↓
text \<open>Since \<open>K(s, \<pi>/2) = 0\<close>, the difference quotient of \<open>\<eta>\<close> at \<open>\<pi>/2\<close> is
  \<open>1 - Q(\<sigma>)/(3\<pi>)\<close> with \<open>Q(\<sigma>) = \<integral> K(s,\<sigma>) cot s / (\<pi>/2 - \<sigma>) \<cdot> g(s) ds\<close> and \<open>g = \<zeta> tan\<close>.
  The fixed-point equation gives \<open>0 \<le> g \<le> 3/(\<alpha>\<pi>)\<close>, because the exponential in the
  denominator of \<open>\<Phi>\<close> is at least 1. As \<open>\<sigma> \<rightarrow> \<pi>/2\<close>, the kernel \<open>K(s,\<sigma>) cot s / (\<pi>/2 - \<sigma>)\<close>
  tends to 2 pointwise and stays below 4 away from the diagonal (\<open>s \<le> 2\<sigma> - \<pi>/2\<close>), while near
  the diagonal it has only a logarithmic singularity, whose integral is \<open>O(\<pi>/2 - \<sigma>)\<close>.
  Hence \<open>Q(\<sigma>) \<rightarrow> 2\<integral>g\<close> by dominated convergence, and \<open>\<beta> = 1 - 2\<integral>g/(3\<pi>)\<close> lies in
  \<open>[1 - 1/(\<alpha>\<pi>), 1]\<close>, which is contained in \<open>[1 - \<alpha>\<^sub>0/\<alpha>, 1]\<close> since \<open>\<alpha>\<^sub>0 \<ge> 1\<close>.\<close>

lemma has_real_derivative_at_left_smallo:
  fixes f :: "real \<Rightarrow> real"
  assumes "(f has_real_derivative D) (at_left a)"
  shows "(\<lambda>x. f x - (f a - D * (a - x))) \<in> o[at_left a](\<lambda>x. a - x)"
proof (rule smalloI_tendsto)
  have ev: "\<forall>\<^sub>F x in at_left a. x < a"
    by (simp add: eventually_at_filter)
  have "((\<lambda>x. D - (f x - f a) / (x - a)) \<longlongrightarrow> D - D) (at_left a)"
    using assms by (intro tendsto_intros) (simp add: has_field_derivative_iff)
  moreover have "\<forall>\<^sub>F x in at_left a. D - (f x - f a) / (x - a) = (f x - (f a - D * (a - x))) / (a - x)"
    using ev by eventually_elim (simp add: field_simps)
  ultimately show "((\<lambda>x. (f x - (f a - D * (a - x))) / (a - x)) \<longlongrightarrow> 0) (at_left a)"
    by (simp add: Lim_transform_eventually)
  show "\<forall>\<^sub>F x in at_left a. a - x \<noteq> 0"
    using ev by eventually_elim simp
qed

lemma continuous_on_x_ln_abs: "continuous_on UNIV (\<lambda>x::real. x * ln \<bar>x\<bar>)"
proof -
  have "isCont (\<lambda>x::real. x * ln \<bar>x\<bar>) x" for x
  proof (cases "x = 0")
    case True
    have "((\<lambda>x::real. x * ln \<bar>x\<bar>) \<longlongrightarrow> 0) (at 0)" by real_asymp
    then show ?thesis using True by (simp add: isCont_def)
  qed (intro continuous_intros; auto)
  then show ?thesis by (simp add: continuous_at_imp_continuous_on)
qed

lemma has_real_derivative_x_minus_x_ln_abs:
  fixes c y :: real
  assumes "y \<noteq> c"
  shows "((\<lambda>y. y - (y - c) * ln \<bar>y - c\<bar>) has_real_derivative - ln \<bar>y - c\<bar>) (at y)"
proof (cases "y > c")
  case True
  have "((\<lambda>y. y - (y - c) * ln (y - c)) has_real_derivative - ln (y - c)) (at y)"
    using True by (auto intro!: derivative_eq_intros)
  moreover have "\<forall>\<^sub>F z in nhds y. z - (z - c) * ln (z - c) = z - (z - c) * ln \<bar>z - c\<bar>"
    using eventually_nhds_in_open[of "{c<..}" y] True by (auto elim!: eventually_mono)
  ultimately show ?thesis using True
    by (subst (asm) has_field_derivative_cong_ev) auto
next
  case False
  with assms have "y < c" by auto
  have "((\<lambda>y. y - (y - c) * ln (c - y)) has_real_derivative - ln (c - y)) (at y)"
    using \<open>y < c\<close> by (auto intro!: derivative_eq_intros) (simp add: divide_simps)
  moreover have "\<forall>\<^sub>F z in nhds y. z - (z - c) * ln (c - z) = z - (z - c) * ln \<bar>z - c\<bar>"
    using eventually_nhds_in_open[of "{..<c}" y] \<open>y < c\<close> by (auto elim!: eventually_mono)
  ultimately show ?thesis using \<open>y < c\<close>
    by (subst (asm) has_field_derivative_cong_ev) auto
qed

lemma neg_ln_abs_integral_centered:
  fixes c a :: real
  assumes a: "0 < a" "a \<le> 1"
  shows "set_integrable lborel {c-a..c+a} (\<lambda>y. - ln \<bar>y - c\<bar>)"
    and "(LINT y:{c-a..c+a}|lborel. - ln \<bar>y - c\<bar>) = 2 * (a - a * ln a)"
proof -
  let ?F = "\<lambda>y::real. y - (y - c) * ln \<bar>y - c\<bar>"
  have "continuous_on UNIV (\<lambda>y::real. (y - c) * ln \<bar>y - c\<bar>)"
    by (rule continuous_on_compose2[OF continuous_on_x_ln_abs]) (auto intro: continuous_intros)
  then have "continuous_on {c-a..c+a} ?F"
    by (intro continuous_on_diff continuous_on_id) (auto elim: continuous_on_subset)
  then have F: "((\<lambda>y. - ln \<bar>y - c\<bar>) has_integral (?F (c+a) - ?F (c-a))) {c-a..c+a}"
    using a by (intro fundamental_theorem_of_calculus_interior_strong[of "{c}"])
      (auto intro!: has_real_derivative_x_minus_x_ln_abs
        simp: has_real_derivative_iff_has_vector_derivative[symmetric])
  have "0 \<le> - ln \<bar>y - c\<bar>" if "y \<in> {c-a..c+a}" for y
    using that a by (cases "y = c") (auto simp: ln_le_zero_iff)
  then have "(\<lambda>y. - ln \<bar>y - c\<bar>) absolutely_integrable_on {c-a..c+a}"
    using F by (intro nonnegative_absolutely_integrable_1) (auto simp: integrable_on_def)
  then show si: "set_integrable lborel {c-a..c+a} (\<lambda>y. - ln \<bar>y - c\<bar>)"
    unfolding set_integrable_def by (subst integrable_completion[symmetric]) auto
  have "?F (c+a) - ?F (c-a) = 2 * (a - a * ln a)"
    using a by simp
  then show "(LINT y:{c-a..c+a}|lborel. - ln \<bar>y - c\<bar>) = 2 * (a - a * ln a)"
    using set_borel_integral_eq_integral(2)[OF si] F integral_unique by metis
qed

lemma ln_ratio_integral_centered:
  fixes c k t :: real
  assumes "0 < k" "0 < t" "t \<le> 1"
  shows "set_integrable lborel {c-t..c+t} (\<lambda>s. ln (k * t) - ln \<bar>s - c\<bar>)"
    and "(LINT s:{c-t..c+t}|lborel. ln (k * t) - ln \<bar>s - c\<bar>) = 2 * (ln k + 1) * t"
proof -
  have const: "set_integrable lborel {c-t..c+t} (\<lambda>s. ln (k * t))"
    using assms by (simp add: set_integrable_def integrable_indicator_iff emeasure_lborel_Icc)
  note log = neg_ln_abs_integral_centered[OF assms(2,3), of c]
  show "set_integrable lborel {c-t..c+t} (\<lambda>s. ln (k * t) - ln \<bar>s - c\<bar>)"
    using set_integral_add(1)[OF const log(1)] by simp
  have "(LINT s:{c-t..c+t}|lborel. ln (k * t) + - ln \<bar>s - c\<bar>)
      = (LINT s:{c-t..c+t}|lborel. ln (k * t)) + (LINT s:{c-t..c+t}|lborel. - ln \<bar>s - c\<bar>)"
    by (rule set_integral_add(2)[OF const log(1)])
  then have "(LINT s:{c-t..c+t}|lborel. ln (k * t) - ln \<bar>s - c\<bar>) = 2 * t * ln (k * t) + 2 * (t - t * ln t)"
    using assms by (simp add: set_integral_const log(2))
  also have "\<dots> = 2 * (ln k + 1) * t"
    using assms by (simp add: ln_mult algebra_simps)
  finally show "(LINT s:{c-t..c+t}|lborel. ln (k * t) - ln \<bar>s - c\<bar>) = 2 * (ln k + 1) * t" .
qed

lemma abs_sin_ge_half_abs:
  fixes y :: real
  assumes "\<bar>y\<bar> \<le> 1"
  shows "\<bar>y\<bar> / 2 \<le> \<bar>sin y\<bar>"
proof -
  have "x / 2 \<le> sin x" if "0 < x" "x \<le> 1" for x :: real
  proof -
    obtain z where z: "0 < z" "z < x" "sin x - sin 0 = (x - 0) * cos z"
      using MVT2[OF \<open>0 < x\<close>, of sin cos] by (auto intro: DERIV_sin)
    have "cos (pi/3) \<le> cos z"
      using z that pi_gt3 by (intro cos_monotone_0_pi_le) auto
    then show ?thesis
      using z \<open>0 < x\<close> mult_left_mono[of "1/2" "cos z" x] by (simp add: cos_60)
  qed
  from this[of y] this[of "-y"] assms show ?thesis
    by (cases y "0::real" rule: linorder_cases) auto
qed

lemma cot_bounds_near_pi_half:
  fixes s :: real
  assumes "pi/4 \<le> s" "s < pi/2"
  shows "0 \<le> cot s" and "cot s \<le> 3/2 * (pi/2 - s)"
proof -
  have cs: "0 \<le> cos s" "cos s \<le> pi/2 - s"
    using assms sin_x_le_x[of "pi/2 - s"] by (auto intro!: cos_ge_zero simp: sin_cos_eq)
  have "sqrt 2 / 2 \<le> sin s"
    using assms cos_monotone_0_pi_le[of "pi/2 - s" "pi/4"] by (simp add: cos_45 sin_45 cos_sin_eq)
  moreover have "(4/3::real) \<le> sqrt 2"
    by (rule real_le_rsqrt) (simp add: power2_eq_square)
  ultimately have ss: "2/3 \<le> sin s" by simp
  show "0 \<le> cot s"
    using cs ss by (simp add: cot_def)
  have "cot s \<le> (pi/2 - s) / (2/3)"
    unfolding cot_def using cs ss by (intro frac_le) auto
  then show "cot s \<le> 3/2 * (pi/2 - s)" by simp
qed

lemma Kker_at_pi_half: "Kker s (pi/2) = 0"
  by (simp add: Kker_def sin_add sin_diff)

lemma Kker_nonneg:
  assumes "0 < s" "s < pi/2" "0 < \<sigma>" "\<sigma> < pi/2"
  shows "0 \<le> Kker s \<sigma>"
proof -
  have "0 < sin (s + \<sigma>)"
    using assms by (intro sin_gt_zero) auto
  moreover have "0 \<le> sin s * cos \<sigma>" "0 \<le> cos s * sin \<sigma>"
    using assms by (auto intro!: mult_nonneg_nonneg sin_ge_zero cos_ge_zero)
  then have "\<bar>sin (s - \<sigma>)\<bar> \<le> sin (s + \<sigma>)"
    by (simp add: sin_add sin_diff)
  ultimately show ?thesis
    by (cases "sin (s - \<sigma>) = 0") (auto simp: Kker_def abs_div le_divide_eq)
qed

text \<open>Because \<open>Kker s (pi/2) = 0\<close>, \<open>Kslope \<sigma> s\<close> is \<open>-cot s\<close> times the difference quotient
  of \<open>Kker s\<close> at \<open>pi/2\<close>.\<close>
definition Kslope :: "real \<Rightarrow> real \<Rightarrow> real" where
  "Kslope \<sigma> s = Kker s \<sigma> * cot s / (pi/2 - \<sigma>)"

lemma borel_measurable_cot [measurable]: "(cot :: real \<Rightarrow> real) \<in> borel_measurable borel"
  unfolding cot_def by measurable

lemma borel_measurable_tan [measurable]: "(tan :: real \<Rightarrow> real) \<in> borel_measurable borel"
  unfolding tan_def by measurable

lemma borel_measurable_Kslope [measurable]: "Kslope \<sigma> \<in> borel_measurable borel"
  unfolding Kslope_def Kker_def by measurable

lemma ln_sin_ratio_bounds:
  fixes a t :: real
  assumes t: "0 < t" "2 * t \<le> a" "a < pi/2"
  shows "0 \<le> ln (sin (a + t) / sin (a - t)) * (sin a / cos a) / t"
    and "ln (sin (a + t) / sin (a - t)) * (sin a / cos a) / t \<le> 4"
proof -
  have pos: "0 < sin (a - t)" "0 < cos a" "0 < sin a" "0 < sin t"
    using t by (auto intro!: sin_gt_zero cos_gt_zero)
  have diff: "sin (a + t) - sin (a - t) = 2 * cos a * sin t"
    by (simp add: sin_add sin_diff)
  then have "sin (a - t) \<le> sin (a + t)"
    using mult_pos_pos[OF pos(2,4)] by linarith
  then have ratio: "1 \<le> sin (a + t) / sin (a - t)"
    using pos by (simp add: le_divide_eq)
  then show "0 \<le> ln (sin (a + t) / sin (a - t)) * (sin a / cos a) / t"
    using pos t by simp
  have "ln (sin (a + t) / sin (a - t)) \<le> sin (a + t) / sin (a - t) - 1"
    using ratio by (intro ln_le_minus_one) auto
  also have "\<dots> = 2 * cos a * sin t / sin (a - t)"
    using diff pos by (simp add: field_simps)
  finally have ln_le: "ln (sin (a + t) / sin (a - t)) \<le> 2 * cos a * sin t / sin (a - t)" .
  have "sin t \<le> sin (a - t)"
    using t by (intro sin_monotone_2pi_le) auto
  moreover have "sin (a - t) * cos t \<le> sin (a - t)"
    using pos by (intro mult_left_le) auto
  moreover have "cos (a - t) * sin t \<le> sin t"
    using pos by (intro mult_left_le_one_le) (use t in \<open>auto intro!: cos_ge_zero\<close>)
  ultimately have sin_a: "sin a \<le> 2 * sin (a - t)"
    using sin_add[of "a - t" t] by simp
  have "ln (sin (a + t) / sin (a - t)) * (sin a / cos a) / t
        \<le> (2 * cos a * sin t / sin (a - t)) * (sin a / cos a) / t"
    using ln_le pos t by (intro divide_right_mono mult_right_mono) auto
  also have "\<dots> = 2 * (sin t / t) * (sin a / sin (a - t))"
    using pos t by (simp add: field_simps)
  also have "\<dots> \<le> 2 * 1 * 2"
  proof (intro mult_mono)
    show "sin t / t \<le> 1"
      using sin_x_le_x[of t] t by simp
    show "sin a / sin (a - t) \<le> 2"
      using sin_a pos by (simp add: divide_le_eq)
  qed (use pos t in auto)
  finally show "ln (sin (a + t) / sin (a - t)) * (sin a / cos a) / t \<le> 4" by simp
qed

lemma Kslope_far_bounds:
  assumes "0 < s" "s \<le> 2 * \<sigma> - pi/2" "\<sigma> < pi/2"
  shows "0 \<le> Kslope \<sigma> s" and "Kslope \<sigma> s \<le> 4"
proof -
  define a t where "a = pi/2 - s" and "t = pi/2 - \<sigma>"
  have t: "0 < t" "2 * t \<le> a" "a < pi/2"
    using assms by (auto simp: a_def t_def)
  have "s + \<sigma> = pi - (a + t)" "s - \<sigma> = - (a - t)"
    by (simp_all add: a_def t_def)
  then have "sin (s + \<sigma>) = sin (a + t)" "sin (s - \<sigma>) = - sin (a - t)"
    by (metis sin_pi_minus, metis sin_minus)
  moreover have "0 < sin (a - t)" "0 < sin (a + t)"
    using t by (auto intro!: sin_gt_zero)
  ultimately have "Kker s \<sigma> = ln (sin (a + t) / sin (a - t))"
    by (simp add: Kker_def abs_div)
  moreover have "cot s = sin a / cos a"
    by (simp add: a_def tan_cot'[symmetric] tan_def)
  ultimately have "Kslope \<sigma> s = ln (sin (a + t) / sin (a - t)) * (sin a / cos a) / t"
    by (simp add: Kslope_def t_def)
  then show "0 \<le> Kslope \<sigma> s" "Kslope \<sigma> s \<le> 4"
    using ln_sin_ratio_bounds[OF t] by simp_all
qed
↑
Activity: In your answer, include only the lines above starting at the line that holds "t)) + (LINT" and ending at the line that holds "c\<bar>) = 2 * t", copied exactly.

Answer area:
      = (LINT s:{c-t..c+t}|lborel. ln (k * t)) + (LINT s:{c-t..c+t}|lborel. - ln \<bar>s - c\<bar>)"
    by (rule set_integral_add(2)[OF const log(1)])
  then have "(LINT s:{c-t..c+t}|lborel. ln (k * t) - ln \<bar>s - c\<bar>) = 2 * t * ln (k * t) + 2 * (t - t * ln t)"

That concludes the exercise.